Search the entries below for "hence", and copy each line where it appears.

* Saved data entries *
****************************************
(* Let $G$ be a finite simple connected graph with exactly $h$ holes. Suppose that all the holes in $G$ are pairwise edge-disjoint and that $G$ has exactly one non-edge maximal clique $K$. If, for some edge $e$ of a hole $H$ of $G$, the graph $G-e$ has at least $h$ holes, then $e$ is an edge of $K$. Moreover, in that case, writing $e=v_iv_j$, every hole of $G-e$ which is not a hole of $G$ has the form $(H-v_iv_j)\cup\{v_iv_k,v_jv_k\}$ for some vertex $v_k$ of $K$.
   Context: A hole of a graph is an induced (chordless) cycle of length at least $4$. A clique is a complete subgraph; a clique is non-edge if it has at least $3$ vertices. $G-e$ denotes the graph obtained from $G$ by deleting the edge $e$. *)

theory Defs
  imports Main
begin

definition simple_graph :: "'a set \<Rightarrow> 'a set set \<Rightarrow> bool" where
  "simple_graph V Ed \<longleftrightarrow> finite V \<and>
     (\<forall>e\<in>Ed. \<exists>u v. e = {u, v} \<and> u \<noteq> v \<and> u \<in> V \<and> v \<in> V)"

definition adj :: "'a set set \<Rightarrow> 'a \<Rightarrow> 'a \<Rightarrow> bool" where
  "adj Ed u v \<longleftrightarrow> u \<noteq> v \<and> {u, v} \<in> Ed"

definition graph_connected :: "'a set \<Rightarrow> 'a set set \<Rightarrow> bool" where
  "graph_connected V Ed \<longleftrightarrow> V \<noteq> {} \<and>
     (\<forall>u\<in>V. \<forall>v\<in>V. (\<lambda>x y. x \<in> V \<and> y \<in> V \<and> adj Ed x y)\<^sup>*\<^sup>* u v)"

definition induced_edges :: "'a set set \<Rightarrow> 'a set \<Rightarrow> 'a set set" where
  "induced_edges Ed S = {e \<in> Ed. e \<subseteq> S}"

definition is_cycle :: "'a set \<Rightarrow> 'a set set \<Rightarrow> bool" where
  "is_cycle S F \<longleftrightarrow> finite S \<and> card S \<ge> 3 \<and> graph_connected S F \<and>
     (\<forall>e\<in>F. e \<subseteq> S) \<and> (\<forall>v\<in>S. card {e \<in> F. v \<in> e} = 2)"

definition is_hole :: "'a set \<Rightarrow> 'a set set \<Rightarrow> 'a set \<Rightarrow> bool" where
  "is_hole V Ed S \<longleftrightarrow> S \<subseteq> V \<and> card S \<ge> 4 \<and> is_cycle S (induced_edges Ed S)"

definition holes :: "'a set \<Rightarrow> 'a set set \<Rightarrow> 'a set set" where
  "holes V Ed = {S. is_hole V Ed S}"

definition is_clique :: "'a set \<Rightarrow> 'a set set \<Rightarrow> 'a set \<Rightarrow> bool" where
  "is_clique V Ed K \<longleftrightarrow> K \<subseteq> V \<and> (\<forall>u\<in>K. \<forall>v\<in>K. u \<noteq> v \<longrightarrow> {u, v} \<in> Ed)"
lemma fold_seg_eq: "fold_seg v w k = closed_segment (v k - fold_half v w k) (v k + fold_half v w k)"
proof -
  have "of_real (w / (2 * cos (fold_angle v k / 2))) * (\<i> * sgn (bisector v k)) = fold_half v w k"
    unfolding two_cos_half_fold_angle fold_half_def sgn_div_norm
    by (simp add: power2_eq_square field_simps scaleR_conv_of_real)
  thus ?thesis unfolding fold_seg_def Let_def by simp
qed

lemma vertex_mem_fold_seg: "v k \<in> fold_seg v w k"
  using centred_segment_mem[of 0 "v k" "fold_half v w k"] by (simp add: fold_seg_eq)

lemma fold_seg_bisector_orthogonal:
  assumes "q \<in> fold_seg v w k"
  shows "Re (cnj (bisector v k) * (q - v k)) = 0"
proof -
  obtain t where "q = v k + of_real t * fold_half v w k"
    using assms centred_segment_param unfolding fold_seg_eq by metis
  thus ?thesis using fold_half_orthogonal[of v k w]
    by (simp only: add_diff_cancel_left' mult.left_commute[of "cnj _"] Re_of_real_mult)
qed

lemma fold_seg_abs_Re_le:
  assumes "q \<in> fold_seg v w k"
  shows "\<bar>Re (cnj u * (q - v k))\<bar> \<le> cmod u * cmod (fold_half v w k)"
proof -
  obtain t where t: "\<bar>t\<bar> \<le> 1" and q: "q = v k + of_real t * fold_half v w k"
    using assms centred_segment_param unfolding fold_seg_eq by metis
  have "\<bar>Re (cnj u * (q - v k))\<bar> = \<bar>t\<bar> * \<bar>Re (cnj u * fold_half v w k)\<bar>"
    unfolding q by (simp only: add_diff_cancel_left' mult.left_commute[of "cnj _"] Re_of_real_mult abs_mult)
  also have "\<dots> \<le> 1 * (cmod u * cmod (fold_half v w k))"
    using t abs_Re_cnj_mult_le by (intro mult_mono) auto
  finally show ?thesis by simp
qed

lemma Re_bisector_sgn_out_edge: "Re (cnj (bisector v k) * sgn (out_edge v k)) = 1 + fold_cos v k"
  unfolding bisector_eq fold_cos_def
  by (rule Re_cnj_add_mult_right_unit) (simp add: norm_sgn out_edge_nonzero)

lemma Re_bisector_sgn_in_edge: "Re (cnj (bisector v k) * sgn (in_edge v k)) = 1 + fold_cos v k"
  unfolding bisector_eq fold_cos_def
  by (rule Re_cnj_add_mult_left_unit) (simp add: norm_sgn in_edge_nonzero)

text \<open>The endpoints of the fold line lie on the two boundary lines of the ribbon, at distance w/2
from both edges.\<close>

lemma fold_half_offset_out_edge: "Im (cnj (sgn (out_edge v k)) * fold_half v w k) = w / 2"
proof -
  have "w * (1 + fold_cos v k) / (2 + 2 * fold_cos v k) = w / 2" using fold_cos_gt by (simp add: field_simps)
  thus ?thesis by (simp only: Im_cnj_mult_fold_half norm_bisector_power2 Re_bisector_sgn_out_edge)
qed

lemma fold_half_offset_in_edge: "Im (cnj (sgn (in_edge v k)) * fold_half v w k) = w / 2"
proof -
  have "w * (1 + fold_cos v k) / (2 + 2 * fold_cos v k) = w / 2" using fold_cos_gt by (simp add: field_simps)
  thus ?thesis by (simp only: Im_cnj_mult_fold_half norm_bisector_power2 Re_bisector_sgn_in_edge)
qed

lemma Re_bisector_in_edge_nonneg: "Re (cnj (bisector v k) * in_edge v k) \<ge> 0"
proof -
  have "in_edge v k = of_real (cmod (in_edge v k)) * sgn (in_edge v k)"
    using in_edge_nonzero by (simp add: sgn_eq)
  hence "Re (cnj (bisector v k) * in_edge v k) = cmod (in_edge v k) * (1 + fold_cos v k)"
    by (metis Re_of_real_mult Re_bisector_sgn_in_edge mult.left_commute)
  thus ?thesis using fold_cos_gt by simp
qed

lemma Re_bisector_out_edge_nonneg: "Re (cnj (bisector v k) * out_edge v k) \<ge> 0"
proof -
  have "out_edge v k = of_real (cmod (out_edge v k)) * sgn (out_edge v k)"
    using out_edge_nonzero by (simp add: sgn_eq)
  hence "Re (cnj (bisector v k) * out_edge v k) = cmod (out_edge v k) * (1 + fold_cos v k)"
    by (metis Re_of_real_mult Re_bisector_sgn_out_edge mult.left_commute)
  thus ?thesis using fold_cos_gt by simp
qed

end

section \<open>Triangles and their incenter\<close>

definition twice_signed_area :: "(nat \<Rightarrow> complex) \<Rightarrow> real" where
  "twice_signed_area v = Im (cnj (v 1 - v 0) * (v 2 - v 0))"

definition side_length :: "(nat \<Rightarrow> complex) \<Rightarrow> nat \<Rightarrow> real" where
  "side_length v k = cmod (v (nx k) - v k)"

definition perimeter :: "(nat \<Rightarrow> complex) \<Rightarrow> real" where
  "perimeter v = side_length v 0 + side_length v 1 + side_length v 2"

definition incenter :: "(nat \<Rightarrow> complex) \<Rightarrow> complex" where
  "incenter v = (of_real (side_length v 1) * v 0 + of_real (side_length v 2) * v 1
                 + of_real (side_length v 0) * v 2) / of_real (perimeter v)"

definition inradius :: "(nat \<Rightarrow> complex) \<Rightarrow> real" where
  "inradius v = \<bar>twice_signed_area v\<bar> / perimeter v"

lemma Im_cnj_in_edge_out_edge: "k < 3 \<Longrightarrow> Im (cnj (in_edge v k) * out_edge v k) = - twice_signed_area v"
  by (auto dest!: less_3_cases simp: in_edge_def out_edge_def twice_signed_area_def algebra_simps)

lemma twice_signed_area_nonzero:
  assumes "\<not> collinear {v 0, v 1, v 2}"
  shows "twice_signed_area v \<noteq> 0"
proof
  assume D: "twice_signed_area v = 0"
  have "collinear {v 1, v 2, v 0}"
  proof (cases "v 1 = v 0")
    case True
    thus ?thesis unfolding collinear_3_expand by simp
  next
    case False
    define x where "x = v 1 - v 0"
    have x0: "x \<noteq> 0" using False by (simp add: x_def)
    have "Im (cnj (sgn x) * (v 2 - v 0)) = 0"
      using D x0 by (simp add: twice_signed_area_def x_def sgn_div_norm)
    from real_multiple_of_unit[OF _ this] x0
    obtain m where m: "v 2 - v 0 = of_real m * sgn x" by (metis norm_sgn)
    have "v 2 = (m / cmod x) *\<^sub>R v 1 + (1 - m / cmod x) *\<^sub>R v 0"
      using m x0 by (simp add: sgn_div_norm scaleR_conv_of_real x_def field_simps)
    thus ?thesis unfolding collinear_3_expand by blast
  qed
  moreover have "{v 0, v 1, v 2} = {v 1, v 2, v 0}" by auto
  ultimately show False using assms by simp
qed

locale triangle =
  fixes v :: "nat \<Rightarrow> complex"
  assumes noncollinear: "\<not> collinear {v 0, v 1, v 2}"
begin

lemma corner: "k < 3 \<Longrightarrow> corner v k"
  unfolding corner_def using Im_cnj_in_edge_out_edge twice_signed_area_nonzero[OF noncollinear]
  by (metis neg_equal_0_iff_equal)

lemma side_length_pos: "k < 3 \<Longrightarrow> side_length v k > 0"
  using corner.out_edge_nonzero[OF corner] by (simp add: side_length_def out_edge_def)

lemma perimeter_pos: "perimeter v > 0"
  using side_length_pos[of 0] side_length_pos[of 1] side_length_pos[of 2] by (simp add: perimeter_def)

lemma perimeter_mult_incenter_sub:
  assumes k: "k < 3"
  shows "of_real (perimeter v) * (incenter v - v k) =
         of_real (cmod (out_edge v k)) * in_edge v k + of_real (cmod (in_edge v k)) * out_edge v k"
proof -
  have "of_real (perimeter v) * incenter v = of_real (side_length v 1) * v 0
          + of_real (side_length v 2) * v 1 + of_real (side_length v 0) * v 2"
    using perimeter_pos unfolding incenter_def by simp
  moreover have n: "cmod (in_edge v 0) = side_length v 2" "cmod (out_edge v 0) = side_length v 0"
      "cmod (in_edge v 1) = side_length v 0" "cmod (out_edge v 1) = side_length v 1"
      "cmod (in_edge v 2) = side_length v 1" "cmod (out_edge v 2) = side_length v 2"
    by (simp_all add: in_edge_def out_edge_def side_length_def norm_minus_commute)
  ultimately show ?thesis unfolding right_diff_distrib perimeter_def
    using less_3_cases[OF k]
    by (elim disjE) (simp_all only: n, simp_all add: algebra_simps in_edge_def out_edge_def)
qed

lemma incenter_on_bisector:
  assumes k: "k < 3"
  shows "incenter v - v k =
         of_real (cmod (in_edge v k) * cmod (out_edge v k) / perimeter v) * bisector v k"
proof -
  interpret corner v k by (rule corner[OF k])
  have "incenter v - v k = (of_real (cmod (out_edge v k)) * in_edge v k
          + of_real (cmod (in_edge v k)) * out_edge v k) / of_real (perimeter v)"
    using perimeter_mult_incenter_sub[OF k] perimeter_pos by (simp add: field_simps)
  also have "\<dots> = of_real (cmod (in_edge v k) * cmod (out_edge v k) / perimeter v) * bisector v k"
    unfolding bisector_eq sgn_eq using in_edge_nonzero out_edge_nonzero perimeter_pos
    by (simp add: field_simps)
  finally show ?thesis .
qed

lemma Re_bisector_incenter_pos: "k < 3 \<Longrightarrow> Re (cnj (bisector v k) * (incenter v - v k)) > 0"
proof -
  assume k: "k < 3"
  interpret corner v k by (rule corner[OF k])
  define c where "c = cmod (in_edge v k) * cmod (out_edge v k) / perimeter v"
  have "c > 0" using in_edge_nonzero out_edge_nonzero perimeter_pos by (simp add: c_def)
  moreover have "Re (cnj (bisector v k) * (incenter v - v k)) = c * (cmod (bisector v k))\<^sup>2"
    unfolding incenter_on_bisector[OF k] c_def[symmetric] cmod_power2
    by (simp add: algebra_simps power2_eq_square)
  ultimately show ?thesis using bisector_nonzero by simp
qed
****************************************
* YOUR SOLUTION *
  hence "Re (cnj (bisector v k) * in_edge v k) = cmod (in_edge v k) * (1 + fold_cos v k)"
  hence "Re (cnj (bisector v k) * out_edge v k) = cmod (out_edge v k) * (1 + fold_cos v k)"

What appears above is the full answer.